Zhao Cheng, Liu Xiaohui, Zhou Jie, Cen Yuefeng, Yao Xiaomin
School of Economics, Zhejiang University of Technology, Hangzhou, Zhejiang, China.
College of Computer Science and Technology, Zhejiang University of Technology, Hangzhou, Zhejiang, China.
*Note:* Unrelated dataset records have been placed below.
(* Let $d,n\ge1$, let ${\mathbb X}\subseteq{\mathbb P}^2$ be a set of $\binom{d+1}{2}$ points in generic position, and let ${\bf L}=(L_{lj})$ be a $d\times(d+1)$ matrix of linear forms in $\mathfrak{k}[w_1,w_2,w_3]$ whose signed maximal minors generate $I_{\mathbb X}$. Write $L_{lj}=\sum_{k=1}^3\lambda_{ljk}w_k$ with $\lambda_{ljk}\in\mathfrak{k}$. Let ${\bf E}$ be the $\binom{n+1}{2}d\times\binom{n+2}{2}(d+1)$ matrix whose rows are indexed by pairs $(\beta,l)$ with $\beta\in{\mathbb N}^3$, $|\beta|=n-1$, $1\le l\le d$, whose columns are indexed by pairs $(\alpha,j)$ with $\alpha\in{\mathbb N}^3$, $|\alpha|=n$, $1\le j\le d+1$, and whose $((\beta,l),(\alpha,j))$ entry is $\lambda_{ljk}$ if $w^\alpha=w^\beta w_k$ for some $k\in\{1,2,3\}$ and $0$ otherwise. Then ${\bf E}$ has maximal rank, i.e. rank $\binom{n+1}{2}d$.
   Context: $\mathfrak{k}$ is algebraically closed of characteristic $0$; $w^\alpha=w_1^{\alpha_1}w_2^{\alpha_2}w_3^{\alpha_3}$ and $|\alpha|=\alpha_1+\alpha_2+\alpha_3$. $I_{\mathbb X}\subseteq\mathfrak{k}[w_1,w_2,w_3]$ is the homogeneous ideal of ${\mathbb X}$. "Generic position" means $\dim_{\mathfrak{k}}(\mathfrak{k}[w_1,w_2,w_3]/I_{\mathbb X})_s=\min\{\binom{s+2}{2},|{\mathbb X}|\}$ for all $s$; for such ${\mathbb X}$, $I_{\mathbb X}$ is generated by the maximal minors $F_j=(-1)^{j+1}\det({\bf L}\setminus j\text{-th column})$ of such a $d\times(d+1)$ matrix ${\bf L}$ of linear forms. *)

theory Defs
  imports "HOL-Library.Poly_Mapping" "HOL-Library.Product_Plus" "HOL-Library.Function_Algebras"
          "HOL-Combinatorics.Permutations" "HOL-Computational_Algebra.Polynomial"
begin
(* Let $n,d,T$ be positive integers and let $\mathbf{s}_1,\dots,\mathbf{s}_T\in\mathbb{R}^n$ be fixed vectors. For an invertible matrix $\mathbf{A}\in\mathbb{R}^{n\times n}$, set $\mathbf{x}_t=\mathbf{A}\mathbf{s}_t$ for $t=1,\dots,T$, and define $$\widehat{\mathbf{M}}_d(\mathbf{A})=\frac{1}{T}\sum_{t=1}^T [\mathbf{x}_t]_d[\mathbf{x}_t]_d^{\top},\qquad \theta_t(\mathbf{A})=[\mathbf{x}_t]_d^{\top}\big(\widehat{\mathbf{M}}_d(\mathbf{A})\big)^{-1}[\mathbf{x}_t]_d,\quad t=1,\dots,T.$$ Assume that $\widehat{\mathbf{M}}_d(\mathbf{I}_n)=\frac{1}{T}\sum_{t=1}^T[\mathbf{s}_t]_d[\mathbf{s}_t]_d^{\top}$ is invertible. Then the scores $(\theta_t(\mathbf{A}))_{t=1}^T$ take values independent of $\mathbf{A}$: for every invertible $\mathbf{A}\in\mathbb{R}^{n\times n}$, $\widehat{\mathbf{M}}_d(\mathbf{A})$ is invertible and $\theta_t(\mathbf{A})=\theta_t(\mathbf{I}_n)=[\mathbf{s}_t]_d^{\top}\big(\widehat{\mathbf{M}}_d(\mathbf{I}_n)\big)^{-1}[\mathbf{s}_t]_d$ for all $t\in\{1,\dots,T\}$.
   Context: For $\mathbf{x}=(x_1,\dots,x_n)^{\top}\in\mathbb{R}^n$ and $d\in\mathbb{N}$, $[\mathbf{x}]_d$ denotes the column vector of all monomials $x_1^{\alpha_1}\cdots x_n^{\alpha_n}$ of total degree $\alpha_1+\dots+\alpha_n\le d$ (listed in a fixed order), which is a basis of the polynomials in $\mathbf{x}$ of degree at most $d$; its length is $\binom{n+d}{n}$. $\mathbf{I}_n$ is the $n\times n$ identity matrix. *)

theory Defs
  imports "Jordan_Normal_Form.Matrix"
begin

definition monomial_exps :: "nat \<Rightarrow> nat \<Rightarrow> (nat \<Rightarrow> nat) set" where
  "monomial_exps n d = {\<alpha>. (\<forall>i\<ge>n. \<alpha> i = 0) \<and> (\<Sum>i<n. \<alpha> i) \<le> d}"

definition mono_list :: "nat \<Rightarrow> nat \<Rightarrow> (nat \<Rightarrow> nat) list" where
  "mono_list n d = (SOME L. distinct L \<and> set L = monomial_exps n d)"

definition monvec :: "nat \<Rightarrow> nat \<Rightarrow> real vec \<Rightarrow> real vec" where
  "monvec n d x = vec (length (mono_list n d))
     (\<lambda>k. \<Prod>i<n. (x $ i) ^ ((mono_list n d ! k) i))"

definition Mhat :: "nat \<Rightarrow> nat \<Rightarrow> nat \<Rightarrow> (nat \<Rightarrow> real vec) \<Rightarrow> real mat \<Rightarrow> real mat" where
  "Mhat n d T s A = (let N = length (mono_list n d) in
     mat N N (\<lambda>(i, j). (1 / real T) *
       (\<Sum>t\<in>{1..T}. monvec n d (A *\<^sub>v s t) $ i * monvec n d (A *\<^sub>v s t) $ j)))"

definition mat_inv :: "real mat \<Rightarrow> real mat" where
  "mat_inv M = (SOME B. B \<in> carrier_mat (dim_row M) (dim_row M) \<and> inverts_mat M B \<and> inverts_mat B M)"

definition theta :: "nat \<Rightarrow> nat \<Rightarrow> nat \<Rightarrow> (nat \<Rightarrow> real vec) \<Rightarrow> real mat \<Rightarrow> nat \<Rightarrow> real" where
  "theta n d T s A t = monvec n d (A *\<^sub>v s t) \<bullet> (mat_inv (Mhat n d T s A) *\<^sub>v monvec n d (A *\<^sub>v s t))"

end

theory Submission
  imports Defs "Jordan_Normal_Form.Determinant"
begin

(* Every monomial of degree at most d in A x is a polynomial of degree at most d in x, so
   [A x]_d = L_A [x]_d for some square matrix L_A, and hence M_d(A) = L_A M_d(I) L_A^T.
   For B = A^-1 the product L_B L_A fixes every [s_t]_d, hence fixes M_d(I) from the left,
   and the invertibility of M_d(I) forces L_B L_A = I (no linear independence of monomial
   functions is needed). So M_d(A) is congruent to M_d(I) via the invertible L_A, its inverse
   is L_A^-T M_d(I)^-1 L_A^-1, and the quadratic forms theta_t do not change. *)

definition monomial :: "nat \<Rightarrow> (nat \<Rightarrow> nat) \<Rightarrow> 'a :: comm_semiring_1 vec \<Rightarrow> 'a" where
  "monomial n \<alpha> x = (\<Prod>i<n. (x $ i) ^ \<alpha> i)"

definition poly_fun_deg_le :: "nat \<Rightarrow> nat \<Rightarrow> ('a :: comm_semiring_1 vec \<Rightarrow> 'a) \<Rightarrow> bool" where
  "poly_fun_deg_le n d f \<longleftrightarrow>
     (\<exists>c. \<forall>x. f x = (\<Sum>\<alpha>\<in>monomial_exps n d. c \<alpha> * monomial n \<alpha> x))"

lemma finite_monomial_exps: "finite (monomial_exps n d)"
proof (rule finite_subset)
  have "\<alpha> i \<le> d" if "\<alpha> \<in> monomial_exps n d" "i < n" for \<alpha> i
    using that member_le_sum[of i "{..<n}" \<alpha>] by (auto simp: monomial_exps_def)
  then show "monomial_exps n d \<subseteq>
      {\<alpha>. \<forall>i. (i \<in> {..<n} \<longrightarrow> \<alpha> i \<in> {..d}) \<and> (i \<notin> {..<n} \<longrightarrow> \<alpha> i = 0)}"
    by (auto simp: monomial_exps_def)
qed (intro finite_set_of_finite_funs; simp)

lemma monomial_exps_mono: "a \<le> b \<Longrightarrow> monomial_exps n a \<subseteq> monomial_exps n b"
  by (auto simp: monomial_exps_def)

lemma add_mem_monomial_exps:
  "\<alpha> \<in> monomial_exps n a \<Longrightarrow> \<beta> \<in> monomial_exps n b \<Longrightarrow> (\<lambda>i. \<alpha> i + \<beta> i) \<in> monomial_exps n (a + b)"
  by (auto simp: monomial_exps_def sum.distrib)

lemma monomial_add: "monomial n (\<lambda>i. \<alpha> i + \<beta> i) x = monomial n \<alpha> x * monomial n \<beta> x"
  by (simp add: monomial_def power_add prod.distrib)

lemma poly_fun_deg_le_zero: "poly_fun_deg_le n d (\<lambda>x. 0)"
  unfolding poly_fun_deg_le_def by (rule exI[of _ "\<lambda>_. 0"]) simp

lemma poly_fun_deg_le_add:
  assumes "poly_fun_deg_le n d f" "poly_fun_deg_le n d g"
  shows "poly_fun_deg_le n d (\<lambda>x. f x + g x)"
proof -
  obtain c e where "\<And>x. f x = (\<Sum>\<alpha>\<in>monomial_exps n d. c \<alpha> * monomial n \<alpha> x)"
    and "\<And>x. g x = (\<Sum>\<alpha>\<in>monomial_exps n d. e \<alpha> * monomial n \<alpha> x)"
    using assms by (auto simp: poly_fun_deg_le_def)
  then have "\<And>x. f x + g x = (\<Sum>\<alpha>\<in>monomial_exps n d. (c \<alpha> + e \<alpha>) * monomial n \<alpha> x)"
    by (simp add: sum.distrib distrib_right)
  then show ?thesis unfolding poly_fun_deg_le_def by (intro exI[of _ "\<lambda>\<alpha>. c \<alpha> + e \<alpha>"]) simp
qed

lemma poly_fun_deg_le_sum:
  "finite J \<Longrightarrow> (\<And>j. j \<in> J \<Longrightarrow> poly_fun_deg_le n d (f j)) \<Longrightarrow>
    poly_fun_deg_le n d (\<lambda>x. \<Sum>j\<in>J. f j x)"
  by (induction J rule: finite_induct) (auto intro: poly_fun_deg_le_add poly_fun_deg_le_zero)

lemma poly_fun_deg_le_cmult:
  assumes "poly_fun_deg_le n d f"
  shows "poly_fun_deg_le n d (\<lambda>x. a * f x)"
proof -
  obtain c where "\<And>x. f x = (\<Sum>\<alpha>\<in>monomial_exps n d. c \<alpha> * monomial n \<alpha> x)"
    using assms by (auto simp: poly_fun_deg_le_def)
  then have "\<And>x. a * f x = (\<Sum>\<alpha>\<in>monomial_exps n d. (a * c \<alpha>) * monomial n \<alpha> x)"
    by (simp add: sum_distrib_left mult.assoc)
  then show ?thesis unfolding poly_fun_deg_le_def by (intro exI[of _ "\<lambda>\<alpha>. a * c \<alpha>"]) simp
qed

lemma poly_fun_deg_le_monomial:
  assumes "\<alpha> \<in> monomial_exps n d"
  shows "poly_fun_deg_le n d (monomial n \<alpha>)"
  unfolding poly_fun_deg_le_def
  using assms finite_monomial_exps
  by (intro exI[of _ "\<lambda>\<beta>. of_bool (\<beta> = \<alpha>)"] allI) (simp add: Int_absorb1)

lemma poly_fun_deg_le_mono:
  assumes "poly_fun_deg_le n a f" "a \<le> b"
  shows "poly_fun_deg_le n b f"
proof -
  obtain c where "f = (\<lambda>x. \<Sum>\<alpha>\<in>monomial_exps n a. c \<alpha> * monomial n \<alpha> x)"
    using assms(1) by (auto simp: poly_fun_deg_le_def)
  then show ?thesis
    using monomial_exps_mono[OF assms(2)]
    by (auto intro!: poly_fun_deg_le_sum poly_fun_deg_le_cmult poly_fun_deg_le_monomial
        simp: finite_monomial_exps)
qed

lemma poly_fun_deg_le_mult:
  assumes "poly_fun_deg_le n a f" "poly_fun_deg_le n b g"
  shows "poly_fun_deg_le n (a + b) (\<lambda>x. f x * g x)"
proof -
  obtain c e where "\<And>x. f x = (\<Sum>\<alpha>\<in>monomial_exps n a. c \<alpha> * monomial n \<alpha> x)"
    and "\<And>x. g x = (\<Sum>\<beta>\<in>monomial_exps n b. e \<beta> * monomial n \<beta> x)"
    using assms by (auto simp: poly_fun_deg_le_def)
  then have "(\<lambda>x. f x * g x) = (\<lambda>x. \<Sum>\<alpha>\<in>monomial_exps n a. \<Sum>\<beta>\<in>monomial_exps n b.
               (c \<alpha> * e \<beta>) * monomial n (\<lambda>i. \<alpha> i + \<beta> i) x)"
    by (simp add: sum_product monomial_add mult_ac)
  then show ?thesis
    by (auto intro!: poly_fun_deg_le_sum poly_fun_deg_le_cmult poly_fun_deg_le_monomial
        add_mem_monomial_exps simp: finite_monomial_exps)
qed

lemma poly_fun_deg_le_one: "poly_fun_deg_le n 0 (\<lambda>x::'a::comm_semiring_1 vec. 1)"
proof -
  have "(\<lambda>i. 0) \<in> monomial_exps n 0" by (simp add: monomial_exps_def)
  moreover have "monomial n (\<lambda>i. 0) = (\<lambda>x::'a vec. 1)" by (simp add: monomial_def fun_eq_iff)
  ultimately show ?thesis using poly_fun_deg_le_monomial by metis
qed

lemma poly_fun_deg_le_power:
  fixes k :: nat
  shows "poly_fun_deg_le n a f \<Longrightarrow> poly_fun_deg_le n (a * k) (\<lambda>x. f x ^ k)"
  by (induction k) (auto simp: add.commute dest: poly_fun_deg_le_mult intro: poly_fun_deg_le_one)

lemma poly_fun_deg_le_prod:
  fixes m :: nat
  shows "(\<And>i. i < m \<Longrightarrow> poly_fun_deg_le n (a i) (f i)) \<Longrightarrow>
    poly_fun_deg_le n (\<Sum>i<m. a i) (\<lambda>x. \<Prod>i<m. f i x)"
  by (induction m) (auto intro: poly_fun_deg_le_one poly_fun_deg_le_mult)

lemma poly_fun_deg_le_coordinate:
  assumes "j < n"
  shows "poly_fun_deg_le n 1 (\<lambda>x::'a::comm_semiring_1 vec. x $ j)"
proof -
  let ?e = "\<lambda>i. if i = j then 1 else 0"
  have "?e \<in> monomial_exps n 1" using assms by (simp add: monomial_exps_def)
  moreover have "monomial n ?e = (\<lambda>x::'a vec. x $ j)"
    using assms by (simp add: monomial_def fun_eq_iff if_distrib prod.delta cong: if_cong)
  ultimately show ?thesis using poly_fun_deg_le_monomial by metis
qed

lemma poly_fun_deg_le_monomial_linear_change:
  assumes "\<alpha> \<in> monomial_exps n d"
  shows "poly_fun_deg_le n d (\<lambda>x. \<Prod>i<n. (\<Sum>j<n. A i j * x $ j) ^ \<alpha> i)"
proof -
  have "poly_fun_deg_le n (\<Sum>i<n. 1 * \<alpha> i) (\<lambda>x. \<Prod>i<n. (\<Sum>j<n. A i j * x $ j) ^ \<alpha> i)"
    by (intro poly_fun_deg_le_prod poly_fun_deg_le_power poly_fun_deg_le_sum
        poly_fun_deg_le_cmult poly_fun_deg_le_coordinate) auto
  then show ?thesis using assms by (auto simp: monomial_exps_def intro: poly_fun_deg_le_mono)
qed

lemma mono_list: "distinct (mono_list n d)" "set (mono_list n d) = monomial_exps n d"
proof -
  have "\<exists>L. distinct L \<and> set L = monomial_exps n d"
    using finite_distinct_list[OF finite_monomial_exps] by metis
  from someI_ex[OF this] show "distinct (mono_list n d)" "set (mono_list n d) = monomial_exps n d"
    unfolding mono_list_def by auto
qed

lemma sum_monomial_exps_as_mono_list:
  "(\<Sum>\<alpha>\<in>monomial_exps n d. g \<alpha>) = (\<Sum>k<length (mono_list n d). g (mono_list n d ! k))"
  using sum.reindex_bij_betw[OF bij_betw_nth[OF mono_list(1) refl mono_list(2)[symmetric]], of g]
  by (simp add: atLeast0LessThan)

lemma dim_monvec [simp]: "dim_vec (monvec n d x) = length (mono_list n d)"
  by (simp add: monvec_def)

lemma monvec_carrier [simp]: "monvec n d x \<in> carrier_vec (length (mono_list n d))"
  by (simp add: monvec_def)

lemma monvec_index:
  "k < length (mono_list n d) \<Longrightarrow> monvec n d x $ k = monomial n (mono_list n d ! k) x"
  by (simp add: monvec_def monomial_def)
PeerJ Comput Sci. 2022 Aug 11;8:e1057. doi: 10.7717/peerj-cs.1057. eCollection 2022.
Most stock price predictive models merely rely on the target stock's historical information to forecast future prices, where the linkage effects between stocks are neglected. However, a group of prior studies has shown that the leverage of correlations between stocks could significantly improve the predictions. This article proposes a unified time-series relational multi-factor model (TRMF), which composes a self-generating relations (SGR) algorithm that can extract relational features automatically. In addition, the TRMF model integrates stock relations with other multiple dimensional features for the price prediction compared to extant works. Experimental validations are performed on the NYSE and NASDAQ data, where the model is compared with the popular methods such as attention Long Short-Term Memory network (Attn-LSTM), Support Vector Regression (SVR), and multi-factor framework (MF). Results show that compared with these extant methods, our model has a higher expected cumulative return rate and a lower risk of return volatility.
大多数股价预测模型仅仅依靠目标股票的历史信息来预测未来价格,而忽略了股票之间的联动效应。然而,先前的一系列研究表明,股票之间相关性的杠杆作用可以显著提高预测效果。本文提出了一种统一的时间序列关系多因素模型(TRMF),该模型包含一种能够自动提取关系特征的自生成关系(SGR)算法。此外,与现有研究相比,TRMF模型将股票关系与其他多维度特征相结合用于价格预测。我们在纽约证券交易所和纳斯达克数据上进行了实验验证,将该模型与注意力长短期记忆网络(Attn-LSTM)、支持向量回归(SVR)和多因素框架(MF)等流行方法进行了比较。结果表明,与这些现有方法相比,我们的模型具有更高的预期累积回报率和更低的回报波动风险。